lemma kernel_operator_l2_bound:
  fixes k :: "real \<Rightarrow> real \<Rightarrow> real" and h :: "real \<Rightarrow> real" and r :: "real \<Rightarrow> complex \<times> complex"
  assumes h_ge: "\<And>b. b \<in> Zp \<Longrightarrow> 0 \<le> h b" and h_l2: "(\<lambda>b. (h b)\<^sup>2) summable_on Zp"
    and "0 \<le> \<Lambda>"
    and k_le: "\<And>a b. a \<in> Zp \<Longrightarrow> b \<in> Zp \<Longrightarrow> a \<noteq> b \<Longrightarrow> \<bar>k a b\<bar> \<le> \<Lambda> * h a * h b"
    and r: "l2Zp r"
  defines "D \<equiv> \<lambda>a. \<Sum>\<^sub>\<infinity>b\<in>Zp - {a}. k a b *\<^sub>R r b"
  shows "(\<forall>a\<in>Zp. (\<lambda>b. k a b *\<^sub>R r b) summable_on (Zp - {a}))
     \<and> l2Zp D \<and> l2norm D \<le> \<Lambda> * (\<Sum>\<^sub>\<infinity>b\<in>Zp. (h b)\<^sup>2) * l2norm r"
proof -
  define H where "H = (\<Sum>\<^sub>\<infinity>b\<in>Zp. (h b)\<^sup>2)"
  define S where "S = (\<Sum>\<^sub>\<infinity>b\<in>Zp. h b * norm (r b))"
  have r_l2: "(\<lambda>b. (norm (r b))\<^sup>2) summable_on Zp"
    using r by (simp add: l2Zp_def)
  have hr_summable: "(\<lambda>b. h b * norm (r b)) summable_on Zp"
    by (rule summable_on_mult_of_square_summable[OF h_ge norm_ge_zero h_l2 r_l2])
  have S_le: "S \<le> sqrt H * l2norm r"
    unfolding S_def H_def l2norm_def
    by (rule infsum_mult_le_sqrt[OF h_ge norm_ge_zero h_l2 r_l2])
  have "0 \<le> S" "0 \<le> H"
    unfolding S_def H_def using h_ge by (auto intro: infsum_nonneg)
  have D_le: "norm (D a) \<le> (\<Lambda> * S) * h a" if "a \<in> Zp" for a
    using norm_infsum_kernel_row_le[where k = k and a = a, OF h_ge \<open>0 \<le> \<Lambda>\<close> k_le[OF that] hr_summable that]
    by (simp add: D_def S_def mult_ac)
  have "l2norm D \<le> \<Lambda> * S * sqrt H"
    unfolding H_def using l2norm_le_if_pointwise_le[OF h_l2 _ D_le] \<open>0 \<le> \<Lambda>\<close> \<open>0 \<le> S\<close> by simp
  also have "\<dots> \<le> \<Lambda> * (sqrt H * l2norm r) * sqrt H"
    using \<open>0 \<le> \<Lambda>\<close> \<open>0 \<le> H\<close> S_le by (intro mult_right_mono mult_left_mono) auto
  also have "\<dots> = \<Lambda> * H * l2norm r"
    using \<open>0 \<le> H\<close> by (simp add: mult_ac)
  finally have "l2norm D \<le> \<Lambda> * H * l2norm r" .
  moreover have "(\<lambda>b. k a b *\<^sub>R r b) summable_on (Zp - {a})" if "a \<in> Zp" for a
    by (rule summable_on_kernel_row[where k = k and a = a, OF h_ge \<open>0 \<le> \<Lambda>\<close> k_le[OF that] hr_summable that])
  moreover have "l2Zp D"
    using l2Zp_if_pointwise_le[OF h_l2 _ D_le] \<open>0 \<le> \<Lambda>\<close> \<open>0 \<le> S\<close> by simp
  ultimately show ?thesis
    by (simp add: H_def)
qed

section \<open>Bessel functions of small argument\<close>

lemma has_sum_power_int_pos:
  fixes x :: real
  assumes "\<bar>x\<bar> < 1"
  shows "((\<lambda>m::int. x ^ nat m) has_sum (x / (1 - x))) {0<..}"
proof -
  have "((\<lambda>n. x ^ n) has_sum (x / (1 - x))) {1..}"
    using has_sum_geometric_from_1[of x] assms by simp
  also have "?this \<longleftrightarrow> ?thesis"
    by (rule has_sum_reindex_bij_witness[of _ nat int]) auto
  finally show ?thesis .
qed

lemma has_sum_power_abs_int:
  fixes x :: real
  assumes "\<bar>x\<bar> < 1"
  shows "((\<lambda>m::int. x ^ nat \<bar>m\<bar>) has_sum ((1 + x) / (1 - x))) UNIV"
proof -
  have pos: "((\<lambda>m::int. x ^ nat \<bar>m\<bar>) has_sum (x / (1 - x))) {0<..}"
    using has_sum_power_int_pos[OF assms] by (rule has_sum_cong[THEN iffD1, rotated]) simp
  have "((\<lambda>m::int. x ^ nat \<bar>m\<bar>) has_sum (x / (1 - x))) {..<0}"
    using pos by (subst has_sum_reindex_bij_witness[of _ uminus uminus "{0<..}"]) auto
  then have "((\<lambda>m::int. x ^ nat \<bar>m\<bar>) has_sum (x / (1 - x) + x / (1 - x))) ({0<..} \<union> {..<0})"
    using pos by (intro has_sum_Un_disjoint) auto
  then have "((\<lambda>m::int. x ^ nat \<bar>m\<bar>) has_sum (1 + (x / (1 - x) + x / (1 - x)))) (insert 0 ({0<..} \<union> {..<0}))"
    using has_sum_insert[of 0 "{0<..} \<union> {..<0}" "\<lambda>m::int. x ^ nat \<bar>m\<bar>"] by simp
  moreover have "insert 0 ({0<..} \<union> {..<0}) = (UNIV :: int set)" by auto
  moreover have "1 + (x / (1 - x) + x / (1 - x)) = (1 + x) / (1 - x)"
    using assms by (simp add: divide_simps)
  ultimately show ?thesis by simp
qed

lemma abs_bessel_series_le:
  fixes L :: real
  assumes L: "0 \<le> L" "L < 1"
  shows "\<bar>\<Sum>m. (-1)^m / (fact m * fact (m + p)) * (2*L/2)^(2*m + p)\<bar> \<le> L ^ p / (1 - L\<^sup>2)"
proof -
  let ?t = "\<lambda>m. (-1)^m / (fact m * fact (m + p)) * (2*L/2)^(2*m + p) :: real"
  have geom: "(\<lambda>m. L^p * (L\<^sup>2)^m) sums (L^p * (1 / (1 - L\<^sup>2)))"
    using sums_mult[OF geometric_sums[of "L\<^sup>2"]] L by (simp add: abs_square_less_1)
  have t_le: "norm (?t m) \<le> L^p * (L\<^sup>2)^m" for m
  proof -
    have "(1::real) \<le> fact m * fact (m + p)"
      using mult_mono[OF fact_ge_1 fact_ge_1, of m "m + p"] by simp
    then have "L^(2*m+p) / (fact m * fact (m + p)) \<le> L^(2*m+p) / 1"
      using L by (intro divide_left_mono) auto
    then have "norm (?t m) \<le> L^(2*m+p)"
      using L by (simp add: abs_mult power_abs)
    also have "\<dots> = L^p * (L\<^sup>2)^m"
      by (simp add: power_add power_mult[symmetric] mult.commute)
    finally show ?thesis .
  qed
  have summable_norm_t: "summable (\<lambda>m. norm (?t m))"
    using summable_comparison_test'[OF sums_summable[OF geom], of 0 "\<lambda>m. norm (?t m)"] t_le
    by simp
  have "\<bar>suminf ?t\<bar> \<le> (\<Sum>m. norm (?t m))"
    using summable_norm[OF summable_norm_t] by simp
  also have "\<dots> \<le> (\<Sum>m. L^p * (L\<^sup>2)^m)"
    using suminf_le[OF t_le summable_norm_t sums_summable[OF geom]] .
  finally have "\<bar>suminf ?t\<bar> \<le> (\<Sum>m. L^p * (L\<^sup>2)^m)" .
  then show ?thesis
    using sums_unique[OF geom] by simp
qed

lemma abs_besselJ_int_le:
  assumes "0 \<le> L" "L < 1"
  shows "\<bar>besselJ_int n (2*L)\<bar> \<le> L ^ nat \<bar>n\<bar> / (1 - L\<^sup>2)"
  using abs_bessel_series_le[OF assms, of "nat \<bar>n\<bar>"]
  by (cases "n \<ge> 0") (simp_all add: besselJ_int_def abs_mult)

lemma Kbe_eq_infsum_besselJ_int:
  "Kbe L (of_int k + 1/2) = (\<Sum>\<^sub>\<infinity>m\<in>{k<..}. (besselJ_int m (2*L))\<^sup>2)"
  unfolding Kbe_def BesselJ_def
proof (rule infsum_reindex_bij_witness[of _ "\<lambda>m. of_int m - of_int k - 1/2" "\<lambda>l. \<lfloor>of_int k + 1/2 + l\<rfloor>"])
  fix l assume "l \<in> Zp_pos"
  then obtain n :: nat where "l = real n + 1/2" unfolding Zp_pos_eq by blast
  then have "of_int k + 1/2 + l = of_int (k + int n + 1)" by simp
  then show "of_int \<lfloor>of_int k + 1/2 + l\<rfloor> - of_int k - 1/2 = l"
    and "\<lfloor>of_int k + 1/2 + l\<rfloor> \<in> {k<..}"
    using \<open>l = real n + 1/2\<close> by simp_all
next
  fix m assume "m \<in> {k<..}"
  then have "of_int m - of_int k - 1/2 = real (nat (m - k - 1)) + (1/2::real)" by simp
  then show "of_int m - of_int k - 1/2 \<in> Zp_pos" unfolding Zp_pos_eq by (metis rangeI)
qed simp_all

lemma Kbe_le_infsum:
  assumes L: "0 \<le> L" "L < 1"
  shows "Kbe L (of_int k + 1/2) \<le> (\<Sum>\<^sub>\<infinity>m\<in>{k<..}. (L\<^sup>2) ^ nat \<bar>m\<bar>) / (1 - L\<^sup>2)\<^sup>2"
proof -
  define G where "G m = (L\<^sup>2) ^ nat \<bar>m\<bar> * inverse ((1 - L\<^sup>2)\<^sup>2)" for m :: int
  have "(\<lambda>m::int. (L\<^sup>2) ^ nat \<bar>m\<bar>) summable_on UNIV"
    using has_sum_power_abs_int[of "L\<^sup>2"] L by (auto simp: abs_square_less_1 summable_on_def)
  then have summable: "(\<lambda>m::int. (L\<^sup>2) ^ nat \<bar>m\<bar>) summable_on {k<..}"
    by (rule summable_on_subset_banach) simp
  then have G_summable: "G summable_on {k<..}"
    unfolding G_def by (rule summable_on_cmult_left)
  have J_le: "(besselJ_int m (2*L))\<^sup>2 \<le> G m" for m
  proof -
    have "(besselJ_int m (2*L))\<^sup>2 \<le> (L ^ nat \<bar>m\<bar> / (1 - L\<^sup>2))\<^sup>2"
      using power_mono[OF abs_besselJ_int_le[OF L] abs_ge_zero, of m 2] by simp
    then show ?thesis
      by (simp add: G_def power_divide field_simps flip: power_mult)
  qed
  have "Kbe L (of_int k + 1/2) \<le> infsum G {k<..}"
    unfolding Kbe_eq_infsum_besselJ_int
    by (rule infsum_mono[OF summable_on_comparison_test[OF G_summable] G_summable])
      (use J_le in auto)
  also have "\<dots> = (\<Sum>\<^sub>\<infinity>m\<in>{k<..}. (L\<^sup>2) ^ nat \<bar>m\<bar>) / (1 - L\<^sup>2)\<^sup>2"
    unfolding G_def divide_inverse by (rule infsum_cmult_left) (rule summable)
  finally show ?thesis .
qed

lemma Kbe_le:
  assumes L: "0 \<le> L" "L < 1"
  shows "Kbe L (of_int k + 1/2) \<le> (1 + L\<^sup>2) / (1 - L\<^sup>2)^3"
proof -
  have sums: "((\<lambda>m::int. (L\<^sup>2) ^ nat \<bar>m\<bar>) has_sum ((1 + L\<^sup>2) / (1 - L\<^sup>2))) UNIV"
    using has_sum_power_abs_int[of "L\<^sup>2"] L by (simp add: abs_square_less_1)
  then have summable: "(\<lambda>m::int. (L\<^sup>2) ^ nat \<bar>m\<bar>) summable_on UNIV"
    by (simp add: has_sum_iff)
  have "Kbe L (of_int k + 1/2) \<le> (\<Sum>\<^sub>\<infinity>m\<in>{k<..}. (L\<^sup>2) ^ nat \<bar>m\<bar>) / (1 - L\<^sup>2)\<^sup>2"
    by (rule Kbe_le_infsum[OF L])
  also have "\<dots> \<le> (\<Sum>\<^sub>\<infinity>m\<in>UNIV. (L\<^sup>2) ^ nat \<bar>m\<bar>) / (1 - L\<^sup>2)\<^sup>2"
    by (rule divide_right_mono, rule infsum_mono2[OF summable_on_subset_banach[OF summable] summable])
      auto
  also have "\<dots> = ((1 + L\<^sup>2) / (1 - L\<^sup>2)) / (1 - L\<^sup>2)\<^sup>2"
    using sums by (simp add: has_sum_iff)
  also have "\<dots> = (1 + L\<^sup>2) / (1 - L\<^sup>2)^3"
    by (simp add: power_Suc2 eval_nat_numeral)
  finally show ?thesis .
qed

lemma Kbe_le_pos:
  assumes L: "0 \<le> L" "L < 1" and "0 \<le> k"
  shows "Kbe L (of_int k + 1/2) \<le> L\<^sup>2 / (1 - L\<^sup>2)^3"
proof -
  have sums: "((\<lambda>m::int. (L\<^sup>2) ^ nat \<bar>m\<bar>) has_sum (L\<^sup>2 / (1 - L\<^sup>2))) {0<..}"
    using has_sum_power_int_pos[of "L\<^sup>2"] L
    by (subst has_sum_cong[where g = "\<lambda>m. (L\<^sup>2) ^ nat m"]) (auto simp: abs_square_less_1)
  then have summable: "(\<lambda>m::int. (L\<^sup>2) ^ nat \<bar>m\<bar>) summable_on {0<..}"
    by (simp add: has_sum_iff)
  have "Kbe L (of_int k + 1/2) \<le> (\<Sum>\<^sub>\<infinity>m\<in>{k<..}. (L\<^sup>2) ^ nat \<bar>m\<bar>) / (1 - L\<^sup>2)\<^sup>2"
    by (rule Kbe_le_infsum[OF L])
  also have "\<dots> \<le> (\<Sum>\<^sub>\<infinity>m\<in>{0<..}. (L\<^sup>2) ^ nat \<bar>m\<bar>) / (1 - L\<^sup>2)\<^sup>2"
    by (rule divide_right_mono, rule infsum_mono2[OF summable_on_subset_banach[OF summable] summable])
      (use \<open>0 \<le> k\<close> in auto)
  also have "\<dots> = (L\<^sup>2 / (1 - L\<^sup>2)) / (1 - L\<^sup>2)\<^sup>2"
    using sums by (simp add: has_sum_iff)
  also have "\<dots> = L\<^sup>2 / (1 - L\<^sup>2)^3"
    by (simp add: power_Suc2 eval_nat_numeral)
  finally show ?thesis .
qed

definition decay_weight :: "real \<Rightarrow> real" where
  "decay_weight b = (1/2) ^ nat \<lfloor>\<bar>b\<bar>\<rfloor>"

lemma decay_weight_nonneg: "0 \<le> decay_weight b"
  by (simp add: decay_weight_def)

lemma decay_weight_square_summable: "(\<lambda>b. (decay_weight b)\<^sup>2) summable_on Zp"
proof -
  have geom: "(\<lambda>k::int. 4 * (1/4::real) ^ nat \<bar>k\<bar>) summable_on UNIV"
    using has_sum_power_abs_int[of "1/4"] by (intro summable_on_cmult_right) (auto simp: summable_on_def)
  have weight_le: "decay_weight (of_int k + 1/2) \<le> 2 * (1/2) ^ nat \<bar>k\<bar>" for k :: int
  proof -
    have "nat \<bar>k\<bar> \<le> Suc (nat \<lfloor>\<bar>of_int k + 1/2 :: real\<bar>\<rfloor>)"
      by linarith
    then have "(1/2::real) ^ Suc (nat \<lfloor>\<bar>of_int k + 1/2 :: real\<bar>\<rfloor>) \<le> (1/2) ^ nat \<bar>k\<bar>"
      by (rule power_decreasing) auto
    then show ?thesis
      by (simp add: decay_weight_def)
  qed
  have "(decay_weight (of_int k + 1/2))\<^sup>2 \<le> 4 * (1/4::real) ^ nat \<bar>k\<bar>" for k :: int
    using power_mono[OF weight_le decay_weight_nonneg, of k 2]
    by (simp add: power_mult_distrib) (simp add: power2_eq_square flip: power_mult_distrib)
  then have "(\<lambda>k::int. (decay_weight (of_int k + 1/2))\<^sup>2) summable_on UNIV"
    by (intro summable_on_comparison_test[OF geom]) auto
  moreover have "inj (\<lambda>k::int. of_int k + 1/2 :: real)"
    by (auto simp: inj_on_def)
  moreover have "Zp = range (\<lambda>k::int. of_int k + 1/2)"
    unfolding Zp_def by auto
  ultimately show ?thesis
    using summable_on_reindex[of "\<lambda>k::int. of_int k + 1/2" UNIV "\<lambda>b. (decay_weight b)\<^sup>2"]
    by (simp add: o_def)
qed

lemma infsum_decay_weight_square_pos: "0 < (\<Sum>\<^sub>\<infinity>b\<in>Zp. (decay_weight b)\<^sup>2)"
proof -
  have "1/2 \<in> Zp"
    unfolding Zp_def by (auto intro: exI[of _ 0])
  then have "(decay_weight (1/2))\<^sup>2 \<le> (\<Sum>\<^sub>\<infinity>b\<in>Zp. (decay_weight b)\<^sup>2)"
    using finite_sum_le_infsum[OF decay_weight_square_summable, of "{1/2}"] by simp
  then show ?thesis
    by (simp add: decay_weight_def)
qed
++++++
Work to complete:
The required output is the stretch of entries above from the line containing "using has_sum_insert[of 0" through the line containing "p)) \<le> L^(2*m+p)", reproduced exactly.

Output of the task:
    using has_sum_insert[of 0 "{0<..} \<union> {..<0}" "\<lambda>m::int. x ^ nat \<bar>m\<bar>"] by simp
  moreover have "insert 0 ({0<..} \<union> {..<0}) = (UNIV :: int set)" by auto
  moreover have "1 + (x / (1 - x) + x / (1 - x)) = (1 + x) / (1 - x)"
    using assms by (simp add: divide_simps)
  ultimately show ?thesis by simp
qed

lemma abs_bessel_series_le:
  fixes L :: real
  assumes L: "0 \<le> L" "L < 1"
  shows "\<bar>\<Sum>m. (-1)^m / (fact m * fact (m + p)) * (2*L/2)^(2*m + p)\<bar> \<le> L ^ p / (1 - L\<^sup>2)"
proof -
  let ?t = "\<lambda>m. (-1)^m / (fact m * fact (m + p)) * (2*L/2)^(2*m + p) :: real"
  have geom: "(\<lambda>m. L^p * (L\<^sup>2)^m) sums (L^p * (1 / (1 - L\<^sup>2)))"
    using sums_mult[OF geometric_sums[of "L\<^sup>2"]] L by (simp add: abs_square_less_1)
  have t_le: "norm (?t m) \<le> L^p * (L\<^sup>2)^m" for m
  proof -
    have "(1::real) \<le> fact m * fact (m + p)"
      using mult_mono[OF fact_ge_1 fact_ge_1, of m "m + p"] by simp
    then have "L^(2*m+p) / (fact m * fact (m + p)) \<le> L^(2*m+p) / 1"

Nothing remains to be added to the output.